ピッツバーグという地名は、フレンチ・インディアン戦争の際にこの地に建てられていたフランス軍のデュケイン砦に進攻し、フランス軍を撤退に追い込んだイギリス軍のジョン・フォーブズ(英語版)将軍がウィリアム・ピット(大ピット)にちなんで1758年につけたものであった[注釈 1][3]。アメリカ独立戦争中、フィラデルフィアよりも西へ届いた合法の郵便路線はこのピッツバーグを通るものだけであった[4]。1794年に正式な町となり、1816年に市制を施行した[5]。市旗・市章は市の発足までにペンシルベニア・ダッチが流入し影響力をもったことを示唆している。

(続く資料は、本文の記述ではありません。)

lemma expsum_invariant_if_nontrivial:
  assumes A: "in_variety E A" and g: "g \<in> gcar A" "g \<noteq> gone A"
  obtains N where "N \<ge> 2" "expsum_invariant N E"
proof -
  interpret representation A
    using A by (simp add: representation_def in_variety_def)
  interpret G: group "group_of A"
    by (rule group_group_of)
  \<comment> \<open>Order 0 means infinite order; then exponent sums agree exactly and any modulus works.\<close>
  define N where "N = (if G.ord g = 0 then 2 else int (G.ord g))"
  have "G.ord g \<noteq> 1"
    using G.ord_eq_1[of g] g by simp
  then have "N \<ge> 2"
    by (auto simp: N_def)
  moreover have "expsum_invariant N E"
    unfolding expsum_invariant_def
  proof (intro allI impI)
    fix l r j
    assume "GEq l r \<in> E \<union> base_ids"
    then have "g [^]\<^bsub>group_of A\<^esub> expsum j l = g [^]\<^bsub>group_of A\<^esub> expsum j r"
      using in_variety_geval_eq[OF A, of l r "\<lambda>i. if i = j then g else gone A"] g
      by (simp add: closed geval_single)
    then have "int (G.ord g) dvd expsum j r - expsum j l"
      using G.int_pow_eq g by simp
    then show "expsum j l mod N = expsum j r mod N"
      by (auto simp: N_def mod_eq_dvd_iff dvd_diff_commute)
  qed
  ultimately show ?thesis
    by (rule that)
qed

lemma coef_invariant_if_nonzero:
  assumes A: "in_variety E A" and v: "v \<in> vcar A" "v \<noteq> vzero A"
  shows "coef_invariant E"
  unfolding coef_invariant_def
proof (intro allI impI)
  fix l r j
  assume "VEq l r \<in> E \<union> base_ids"
  interpret representation A
    using A by (simp add: representation_def in_variety_def)
  have "vsc A (coef j l) v = vsc A (coef j r) v"
    using in_variety_veval_eq[OF A \<open>VEq l r \<in> E \<union> base_ids\<close>,
        of "\<lambda>_. gone A" "\<lambda>i. if i = j then v else vzero A"] v
    by (simp add: closed veval_single)
  then show "coef j l = coef j r"
    by (rule vsc_cancel[OF v])
qed
(* Let $f$ and $\varepsilon_0$ be as in the context and let $0<\alpha<\beta$. Let $(\mu_n)$ be a sequence of $\mathcal F$-invariant probability measures on $\Omega_{\varepsilon_0}\times M$ converging in the weak* topology to $\mu$, and suppose that for $\mu$-a.e. $(\underline\omega,x)$ $$\lim_{n\to+\infty}\frac1n\log\|Df^{n}_{\underline\omega}|_{E^{cs}(\underline\omega,x)}\|<-\beta,\qquad \lim_{n\to+\infty}\frac1n\log\|Df^{-n}_{\underline\omega}|_{E^{cu}(\underline\omega,x)}\|<-\beta .$$ Then $$\lim_{\ell\to+\infty}\liminf_{n\to+\infty}\mu_n(\mathcal B_\ell(\alpha))=1 .$$
   Context: $M$ compact Riemannian manifold, $f$ a $C^2$ diffeomorphism with dominated splitting $TM=E^{cu}\oplus_{\succ}E^{cs}$, with a regular random perturbation (continuous $\omega\mapsto f_\omega\in\mathrm{Diff}^2(M)$ on a metric space $\mathcal T$, $f_{\omega_f}=f$, probabilities $\theta_\varepsilon$ on $\mathcal T$ with nested compact supports shrinking to $\{\omega_f\}$ and absolutely continuous transition probabilities). $\Omega_\varepsilon=\mathrm{supp}(\theta_\varepsilon^{\mathbb Z})$; $\mathcal F(\underline\omega,x)=(\sigma\underline\omega,f_{\omega_0}(x))$, $\sigma$ the left shift; $f^n_{\underline\omega}$ the fibre compositions ($f_{\omega_{n-1}}\circ\cdots\circ f_{\omega_0}$ for $n>0$, $f_{\omega_n}^{-1}\circ\cdots\circ f_{\omega_{-1}}^{-1}$ for $n<0$). There is $\varepsilon_0>0$ and a continuous $\mathcal F$-invariant splitting $T_xM=E^{cu}(\underline\omega,x)\oplus E^{cs}(\underline\omega,x)$ on $\Omega_{\varepsilon_0}\times M$. Hyperbolic block $\mathcal B_\ell(\alpha)$: the set of $(\underline\omega,x)\in\Omega_{\varepsilon_0}\times M$ such that for all $n\in\mathbb N$, $\prod_{i=0}^{n-1}\|Df^{\ell}_{\sigma^{i\ell}\underline\omega}|_{E^{cs}(\mathcal F^{i\ell}(\underline\omega,x))}\|\le e^{-\alpha\ell n}$ and $\prod_{i=0}^{n-1}\|Df^{-\ell}_{\sigma^{-i\ell}\underline\omega}|_{E^{cu}(\mathcal F^{-i\ell}(\underline\omega,x))}\|\le e^{-\alpha\ell n}$ (derivatives at the $M$-coordinate of the indicated point). *)

theory Defs
  imports "HOL-Analysis.Analysis" "HOL-Probability.Probability"
begin

text \<open>
The compact Riemannian manifold M is represented (Nash embedding)
as a compact C2 embedded submanifold of a Euclidean space 'a, with the
Riemannian metric induced by the ambient inner product.
\<close>

definition C2_on :: "'a::euclidean_space set \<Rightarrow> ('a \<Rightarrow> 'b::euclidean_space) \<Rightarrow> bool" where
  "C2_on U g \<longleftrightarrow> open U \<and> (\<exists>g' g''. (\<forall>x\<in>U.
      (g has_derivative blinfun_apply (g' x)) (at x) \<and>
      (g' has_derivative blinfun_apply (g'' x)) (at x)) \<and> continuous_on U g'')"

definition C2_submanifold :: "'a::euclidean_space set \<Rightarrow> bool" where
  "C2_submanifold M \<longleftrightarrow> (\<forall>x\<in>M. \<exists>W (\<Phi>::'a \<Rightarrow> 'a) S. open W \<and> x \<in> W \<and> subspace S \<and>
      C2_on W \<Phi> \<and> inj_on \<Phi> W \<and> open (\<Phi> ` W) \<and> C2_on (\<Phi> ` W) (inv_into W \<Phi>) \<and>
      \<Phi> ` (M \<inter> W) = \<Phi> ` W \<inter> S)"

definition curve_through :: "'a::euclidean_space set \<Rightarrow> 'a \<Rightarrow> 'a \<Rightarrow> (real \<Rightarrow> 'a) \<Rightarrow> bool" where
  "curve_through M x v \<gamma> \<longleftrightarrow> (\<forall>t. \<gamma> t \<in> M) \<and> \<gamma> 0 = x \<and> (\<gamma> has_vector_derivative v) (at 0)"

definition tangent_space :: "'a::euclidean_space set \<Rightarrow> 'a \<Rightarrow> 'a set" where
  "tangent_space M x = {v. \<exists>\<gamma>. curve_through M x v \<gamma>}"

definition tmap :: "'a::euclidean_space set \<Rightarrow> ('a \<Rightarrow> 'a) \<Rightarrow> 'a \<Rightarrow> 'a \<Rightarrow> 'a" where
  "tmap M f x v = (THE w. \<forall>\<gamma>. curve_through M x v \<gamma> \<longrightarrow> ((f \<circ> \<gamma>) has_vector_derivative w) (at 0))"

地元のNFLチーム「スティーラーズ」の名にも見られるように、かつては鉄鋼生産の中心地として栄えた。1970年代にオイルショック、1980年代中盤に安価な輸入鉄鋼が、それぞれ地域の鉄鋼業を衰退させた。メロン財閥とロックフェラー家は鉄鋼業に見切りをつけ、地域のハイテク産業・保険・教育・金融に投資をした。その経験は2007年に始まったサブプライムローン問題や世界金融危機でも生きた。全米のみならず全世界を巻き込んだこの経済危機の最中にあっても、ピッツバーグの住宅市場は比較的安定し、2008年に入ってもピッツバーグにおける求人は増加していた[6]。こうした再生の成功は、バラク・オバマが2009年9月に開催された第3回20か国・地域首脳会合の開催地としてピッツバーグを選んだ要素となった[7][8]。
ピッツバーグは学術都市でもある。カーネギーメロン大学・デュケイン大学・ピッツバーグ大学など、多数の大学が市内および都市圏内にキャンパスを置く。カーネギーメロン大学とピッツバーグ大学がキャンパスを置いているオークランド地区は、高等教育・研究機関や文化施設が特に集中している。 1669年にフランス人探検家のロベルト・デ・ラ・サールは、ケベックからオンタリオ湖を上り、オハイオ川を下る探検の最中に、ヨーロッパ人としては初めてこの地に足を踏み入れた[9]。1717年、ヨーロッパ人商人はオハイオ川・アレゲニー川・モノンガヒーラ川の流域に交易所と入植地を建設し、ピッツバーグの歴史が始まった[10]。ピット砦の小要塞跡。1764年に建てられたピッツバーグに現存する最古の建造物である。 1749年にケベックに駐留していたフランス軍は、カナダの植民地とフランス領ルイジアナとを川で結ぶことを狙ってアレゲニー川を下り、モノンガヒラ川との合流点に当たるこの地に進軍した[10]。バージニア植民地総督を務めていたイギリス人のロバート・ディンウィドルは、フランス軍がこの地から撤退するように警告するため、ジョージ・ワシントン少佐をこの地に派遣した。1753年から翌1754年にかけて、イギリスはこの地にプリンス・ジョージ砦を突貫で建てたが、フランス軍はこの砦に進攻してイギリス人を撤退させ、その跡地にデュケイン砦を建てた。